What to do: Copy the lines below, beginning with the one that contains "proof (induction v arbitrary: u q)" and continuing through the final line, exactly as written and with no other lines.
*** Information given
(* Let $\mathfrak g$ be a nonsemisimple complex Lie algebra, $\mathfrak p$ a nonperfect ideal of $\mathfrak g$, and $\phi:\mathfrak p\to\mathbb C$ a Lie algebra homomorphism. If $w\in W(\phi)$ is nonzero and $\varphi:\mathfrak p\to\mathbb C$ is a Lie algebra homomorphism such that $pw=\varphi(p)w$ for all $p\in\mathfrak p$, then $\varphi=\phi$. That is, every nonzero quasi-Whittaker vector in $W(\phi)$ is of type $\phi$.
   Context: A Lie algebra homomorphism $\phi:\mathfrak p\to\mathbb C$ is a linear map vanishing on $[\mathfrak p,\mathfrak p]$. Let $\mathbb C w_\phi$ be the one-dimensional $\mathfrak p$-module with $pw_\phi=\phi(p)w_\phi$, and $W(\phi)=\mathcal U(\mathfrak g)\otimes_{\mathcal U(\mathfrak p)}\mathbb C w_\phi$ (the universal quasi-Whittaker module of type $\phi$). *)

theory Defs
  imports Complex_Main "HOL-Library.Function_Algebras"
begin

definition lie_algebra :: "(complex \<Rightarrow> 'g::ab_group_add \<Rightarrow> 'g) \<Rightarrow> ('g \<Rightarrow> 'g \<Rightarrow> 'g) \<Rightarrow> bool" where
  "lie_algebra sc br \<longleftrightarrow>
     vector_space sc \<and>
     (\<forall>a b x y z. br (sc a x + sc b y) z = sc a (br x z) + sc b (br y z)) \<and>
     (\<forall>a b x y z. br z (sc a x + sc b y) = sc a (br z x) + sc b (br z y)) \<and>
     (\<forall>x. br x x = 0) \<and>
     (\<forall>x y z. br x (br y z) + br y (br z x) + br z (br x y) = 0)"

definition derived :: "(complex \<Rightarrow> 'g::ab_group_add \<Rightarrow> 'g) \<Rightarrow> ('g \<Rightarrow> 'g \<Rightarrow> 'g) \<Rightarrow> 'g set \<Rightarrow> 'g set" where
  "derived sc br A = module.span sc {br a b | a b. a \<in> A \<and> b \<in> A}"

definition lie_ideal :: "(complex \<Rightarrow> 'g::ab_group_add \<Rightarrow> 'g) \<Rightarrow> ('g \<Rightarrow> 'g \<Rightarrow> 'g) \<Rightarrow> 'g set \<Rightarrow> bool" where
  "lie_ideal sc br I \<longleftrightarrow> module.subspace sc I \<and> (\<forall>x p. p \<in> I \<longrightarrow> br x p \<in> I)"

definition solvable_ideal :: "(complex \<Rightarrow> 'g::ab_group_add \<Rightarrow> 'g) \<Rightarrow> ('g \<Rightarrow> 'g \<Rightarrow> 'g) \<Rightarrow> 'g set \<Rightarrow> bool" where
  "solvable_ideal sc br I \<longleftrightarrow> (\<exists>n. (derived sc br ^^ n) I = {0})"

definition semisimple :: "(complex \<Rightarrow> 'g::ab_group_add \<Rightarrow> 'g) \<Rightarrow> ('g \<Rightarrow> 'g \<Rightarrow> 'g) \<Rightarrow> bool" where
  "semisimple sc br \<longleftrightarrow> (UNIV :: 'g set) \<noteq> {0} \<and>
     (\<forall>I. lie_ideal sc br I \<and> solvable_ideal sc br I \<longrightarrow> I = {0})"

definition lie_hom_to_C :: "(complex \<Rightarrow> 'g::ab_group_add \<Rightarrow> 'g) \<Rightarrow> ('g \<Rightarrow> 'g \<Rightarrow> 'g) \<Rightarrow> 'g set \<Rightarrow> ('g \<Rightarrow> complex) \<Rightarrow> bool" where
  "lie_hom_to_C sc br P \<phi> \<longleftrightarrow>
     (\<forall>a b x y. x \<in> P \<longrightarrow> y \<in> P \<longrightarrow> \<phi> (sc a x + sc b y) = a * \<phi> x + b * \<phi> y) \<and>
     (\<forall>x y. x \<in> P \<longrightarrow> y \<in> P \<longrightarrow> \<phi> (br x y) = 0)"

text \<open>Free complex vector space on words in 'g: finitely supported functions.
The universal quasi-Whittaker module W(phi) = U(g) \<otimes>_{U(p)} C w_phi is the quotient of this
space by the subspace whrel generated by multilinearity relations (giving T(g)),
the relations u x y v - u y x v - u [x,y] v (giving U(g)), and u p - phi(p) u for p in P
(the induction from C w_phi). A word u represents the element u \<otimes> w_phi.\<close>

definition fin_supp :: "('w \<Rightarrow> complex) \<Rightarrow> bool" where
  "fin_supp f \<longleftrightarrow> finite {w. f w \<noteq> 0}"

definition fscale :: "complex \<Rightarrow> ('w \<Rightarrow> complex) \<Rightarrow> ('w \<Rightarrow> complex)" where
  "fscale c f = (\<lambda>w. c * f w)"

definition delta :: "'w \<Rightarrow> ('w \<Rightarrow> complex)" where
  "delta u = (\<lambda>w. if w = u then 1 else 0)"

definition whit_gens :: "(complex \<Rightarrow> 'g::ab_group_add \<Rightarrow> 'g) \<Rightarrow> ('g \<Rightarrow> 'g \<Rightarrow> 'g) \<Rightarrow> 'g set \<Rightarrow> ('g \<Rightarrow> complex)
    \<Rightarrow> ('g list \<Rightarrow> complex) set" where
  "whit_gens sc br P \<phi> =
     {delta (u @ [sc a x + sc b y] @ v) - fscale a (delta (u @ [x] @ v)) - fscale b (delta (u @ [y] @ v))
        | u v a b x y. True}
   \<union> {delta (u @ [x, y] @ v) - delta (u @ [y, x] @ v) - delta (u @ [br x y] @ v) | u v x y. True}
   \<union> {delta (u @ [p]) - fscale (\<phi> p) (delta u) | u p. p \<in> P}"

definition whrel :: "(complex \<Rightarrow> 'g::ab_group_add \<Rightarrow> 'g) \<Rightarrow> ('g \<Rightarrow> 'g \<Rightarrow> 'g) \<Rightarrow> 'g set \<Rightarrow> ('g \<Rightarrow> complex)
    \<Rightarrow> ('g list \<Rightarrow> complex) set" where
  "whrel sc br P \<phi> = module.span fscale (whit_gens sc br P \<phi>)"

definition wact :: "'g \<Rightarrow> ('g list \<Rightarrow> complex) \<Rightarrow> ('g list \<Rightarrow> complex)" where
  "wact x f = (\<lambda>w. if w \<noteq> [] \<and> hd w = x then f (tl w) else 0)"

end

theory Submission
  imports Defs
begin

text \<open>Filter \<open>W(\<phi>)\<close> by word length. Because \<open>\<mathfrak>p\<close> is an ideal, a letter \<open>p \<in> \<mathfrak>p\<close> can be
commuted to the end of a word, where it acts by \<open>\<phi>(p)\<close>, at the cost of words that are one letter
shorter; hence \<open>p - \<phi>(p)\<close> lowers the filtration degree. If \<open>p w = \<psi>(p) w\<close> with \<open>\<psi>(p) \<noteq> \<phi>(p)\<close>,
then \<open>w\<close> is a nonzero multiple of \<open>(p - \<phi>(p)) w\<close> and so has lower degree than itself; descending
to degree \<open>0\<close> gives \<open>w = 0\<close> in \<open>W(\<phi>)\<close>.\<close>

interpretation fv: vector_space "fscale :: complex \<Rightarrow> ('w \<Rightarrow> complex) \<Rightarrow> _"
  by unfold_locales (auto simp: fscale_def fun_eq_iff algebra_simps)

lemma wact_delta: "wact x (delta u) = delta (x # u)"
  by (auto simp: wact_def delta_def fun_eq_iff neq_Nil_conv)

lemma module_hom_wact_minus_scale: "module_hom fscale fscale (\<lambda>f. wact x f - fscale c f)"
  by unfold_locales (auto simp: wact_def fscale_def fun_eq_iff algebra_simps)

lemma fin_supp_eq_sum_delta:
  fixes w :: "'w \<Rightarrow> complex"
  assumes "fin_supp w"
  shows "w = (\<Sum>u\<in>{u. w u \<noteq> 0}. fscale (w u) (delta u))"
proof
  fix v :: 'w
  let ?S = "{u. w u \<noteq> 0}"
  have sum_apply: "(\<Sum>u\<in>S. f u) v = (\<Sum>u\<in>S. f u v)" for S and f :: "'w \<Rightarrow> 'w \<Rightarrow> complex"
    by (induction S rule: infinite_finite_induct) auto
  have "(\<Sum>u\<in>?S. fscale (w u) (delta u)) v = (\<Sum>u\<in>?S. fscale (w u) (delta u) v)"
    by (rule sum_apply)
  also have "\<dots> = (\<Sum>u\<in>?S. if v = u then w u else 0)"
    by (intro sum.cong) (auto simp: fscale_def delta_def)
  also have "\<dots> = w v"
    using assms by (auto simp: fin_supp_def)
  finally show "w v = (\<Sum>u\<in>?S. fscale (w u) (delta u)) v" by simp
qed

context
  fixes sc :: "complex \<Rightarrow> 'g::ab_group_add \<Rightarrow> 'g"
    and br :: "'g \<Rightarrow> 'g \<Rightarrow> 'g"
    and P :: "'g set"
    and \<phi> :: "'g \<Rightarrow> complex"
begin

lemma wact_whit_gens:
  assumes "g \<in> whit_gens sc br P \<phi>"
  shows "wact x g \<in> whit_gens sc br P \<phi>"
proof -
  have wact_diff: "wact x (f - h) = wact x f - wact x h" for f h
    by (auto simp: wact_def fun_eq_iff)
  have wact_scale: "wact x (fscale c f) = fscale c (wact x f)" for c f
    by (auto simp: wact_def fscale_def fun_eq_iff)
  note wact = wact_diff wact_scale wact_delta
  from assms[unfolded whit_gens_def] show ?thesis
  proof (elim UnE CollectE exE conjE)
    fix u v a b y z
    assume "g = delta (u @ [sc a y + sc b z] @ v) - fscale a (delta (u @ [y] @ v))
      - fscale b (delta (u @ [z] @ v))"
    then have "wact x g = delta ((x # u) @ [sc a y + sc b z] @ v)
      - fscale a (delta ((x # u) @ [y] @ v)) - fscale b (delta ((x # u) @ [z] @ v))"
      by (simp add: wact)
    then show ?thesis unfolding whit_gens_def by blast
  next
    fix u v y z
    assume "g = delta (u @ [y, z] @ v) - delta (u @ [z, y] @ v) - delta (u @ [br y z] @ v)"
    then have "wact x g = delta ((x # u) @ [y, z] @ v) - delta ((x # u) @ [z, y] @ v)
      - delta ((x # u) @ [br y z] @ v)"
      by (simp add: wact)
    then show ?thesis unfolding whit_gens_def by blast
  next
    fix u p
    assume "g = delta (u @ [p]) - fscale (\<phi> p) (delta u)" and "p \<in> P"
    then have "wact x g = delta ((x # u) @ [p]) - fscale (\<phi> p) (delta (x # u))"
      by (simp add: wact)
    with \<open>p \<in> P\<close> show ?thesis unfolding whit_gens_def by blast
  qed
qed

definition whit_filtration :: "nat \<Rightarrow> ('g list \<Rightarrow> complex) set" where
  "whit_filtration n = fv.span ({delta u | u. length u < n} \<union> whit_gens sc br P \<phi>)"

lemma subspace_whit_filtration: "fv.subspace (whit_filtration n)"
  unfolding whit_filtration_def by (rule fv.subspace_span)

lemma whit_filtration_0: "whit_filtration 0 = whrel sc br P \<phi>"
  unfolding whit_filtration_def whrel_def by simp

lemma whit_filtration_mono: "m \<le> n \<Longrightarrow> whit_filtration m \<subseteq> whit_filtration n"
  unfolding whit_filtration_def by (rule fv.span_mono) auto

lemma delta_in_whit_filtration: "length u < n \<Longrightarrow> delta u \<in> whit_filtration n"
  unfolding whit_filtration_def by (rule fv.span_base) auto

lemma whit_gens_in_whit_filtration: "g \<in> whit_gens sc br P \<phi> \<Longrightarrow> g \<in> whit_filtration n"
  unfolding whit_filtration_def by (rule fv.span_base) auto

lemma fin_supp_in_whit_filtration:
  assumes "fin_supp w"
  obtains n where "w \<in> whit_filtration n"
proof -
  have "finite {u. w u \<noteq> 0}" using assms by (simp add: fin_supp_def)
  then obtain n where n: "\<forall>u\<in>{u. w u \<noteq> 0}. length u < n"
    by (metis finite_nat_set_iff_bounded finite_imageI imageI)
  have "(\<Sum>u\<in>{u. w u \<noteq> 0}. fscale (w u) (delta u)) \<in> whit_filtration n"
    using n by (intro fv.subspace_sum fv.subspace_scale subspace_whit_filtration
        delta_in_whit_filtration) auto
  then show ?thesis using that fin_supp_eq_sum_delta[OF assms] by simp
qed

context
  assumes ideal: "\<And>x q. q \<in> P \<Longrightarrow> br x q \<in> P"
begin

lemma delta_ideal_letter_congruence:
  "q \<in> P \<Longrightarrow> delta (u @ q # v) - fscale (\<phi> q) (delta (u @ v)) \<in> whit_filtration (length u + length v)"
proof (induction v arbitrary: u q)
  case Nil
  then have "delta (u @ [q]) - fscale (\<phi> q) (delta u) \<in> whit_gens sc br P \<phi>"
    unfolding whit_gens_def by blast
  then show ?case
    by (simp only: append_Nil2 list.size(3) add_0_right whit_gens_in_whit_filtration)
next
  case (Cons x v)
  let ?M = "whit_filtration (length u + length (x # v))"
  have commutator: "delta (u @ [x, q] @ v) - delta (u @ [q, x] @ v) - delta (u @ [br x q] @ v) \<in> ?M"
    by (rule whit_gens_in_whit_filtration) (unfold whit_gens_def, blast)
  have "delta ((u @ [x]) @ q # v) - fscale (\<phi> q) (delta ((u @ [x]) @ v))
      \<in> whit_filtration (length (u @ [x]) + length v)"
    using Cons.prems by (rule Cons.IH)
  moreover have "length (u @ [x]) + length v = length u + length (x # v)" by simp
  ultimately have move_right: "delta (u @ x # q # v) - fscale (\<phi> q) (delta (u @ x # v)) \<in> ?M"
    by (simp only: append_assoc append_Cons append_Nil)
  have "delta (u @ br x q # v) - fscale (\<phi> (br x q)) (delta (u @ v))
      \<in> whit_filtration (length u + length v)"
    using ideal[OF Cons.prems] by (rule Cons.IH)
  then have bracket: "delta (u @ br x q # v) - fscale (\<phi> (br x q)) (delta (u @ v)) \<in> ?M"
    by (rule subsetD[OF whit_filtration_mono, rotated]) simp
  have shorter: "delta (u @ v) \<in> ?M" by (rule delta_in_whit_filtration) simp
  \<comment> \<open>\<open>q x = x q - [x, q]\<close>, and both \<open>q\<close> and \<open>[x, q] \<in> \<mathfrak>p\<close> are moved to the end by induction\<close>
  have "delta (u @ q # x # v) - fscale (\<phi> q) (delta (u @ x # v)) =
      (delta (u @ x # q # v) - fscale (\<phi> q) (delta (u @ x # v)))
      - (delta (u @ br x q # v) - fscale (\<phi> (br x q)) (delta (u @ v)))
      - fscale (\<phi> (br x q)) (delta (u @ v))
      - (delta (u @ [x, q] @ v) - delta (u @ [q, x] @ v) - delta (u @ [br x q] @ v))"
    by (simp add: algebra_simps)
  also have "\<dots> \<in> ?M"
    by (intro commutator move_right bracket shorter
        fv.subspace_diff fv.subspace_scale subspace_whit_filtration)
  finally show ?case .
qed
******
Reply to the exercise:
proof (induction v arbitrary: u q)
  case Nil
  then have "delta (u @ [q]) - fscale (\<phi> q) (delta u) \<in> whit_gens sc br P \<phi>"
    unfolding whit_gens_def by blast
  then show ?case
    by (simp only: append_Nil2 list.size(3) add_0_right whit_gens_in_whit_filtration)
next
  case (Cons x v)
  let ?M = "whit_filtration (length u + length (x # v))"
  have commutator: "delta (u @ [x, q] @ v) - delta (u @ [q, x] @ v) - delta (u @ [br x q] @ v) \<in> ?M"
    by (rule whit_gens_in_whit_filtration) (unfold whit_gens_def, blast)
  have "delta ((u @ [x]) @ q # v) - fscale (\<phi> q) (delta ((u @ [x]) @ v))
      \<in> whit_filtration (length (u @ [x]) + length v)"
    using Cons.prems by (rule Cons.IH)
  moreover have "length (u @ [x]) + length v = length u + length (x # v)" by simp
  ultimately have move_right: "delta (u @ x # q # v) - fscale (\<phi> q) (delta (u @ x # v)) \<in> ?M"
    by (simp only: append_assoc append_Cons append_Nil)
  have "delta (u @ br x q # v) - fscale (\<phi> (br x q)) (delta (u @ v))
      \<in> whit_filtration (length u + length v)"
    using ideal[OF Cons.prems] by (rule Cons.IH)
  then have bracket: "delta (u @ br x q # v) - fscale (\<phi> (br x q)) (delta (u @ v)) \<in> ?M"
    by (rule subsetD[OF whit_filtration_mono, rotated]) simp
  have shorter: "delta (u @ v) \<in> ?M" by (rule delta_in_whit_filtration) simp
  \<comment> \<open>\<open>q x = x q - [x, q]\<close>, and both \<open>q\<close> and \<open>[x, q] \<in> \<mathfrak>p\<close> are moved to the end by induction\<close>
  have "delta (u @ q # x # v) - fscale (\<phi> q) (delta (u @ x # v)) =
      (delta (u @ x # q # v) - fscale (\<phi> q) (delta (u @ x # v)))
      - (delta (u @ br x q # v) - fscale (\<phi> (br x q)) (delta (u @ v)))
      - fscale (\<phi> (br x q)) (delta (u @ v))
      - (delta (u @ [x, q] @ v) - delta (u @ [q, x] @ v) - delta (u @ [br x q] @ v))"
    by (simp add: algebra_simps)
  also have "\<dots> \<in> ?M"
    by (intro commutator move_right bracket shorter
        fv.subspace_diff fv.subspace_scale subspace_whit_filtration)
  finally show ?case .
qed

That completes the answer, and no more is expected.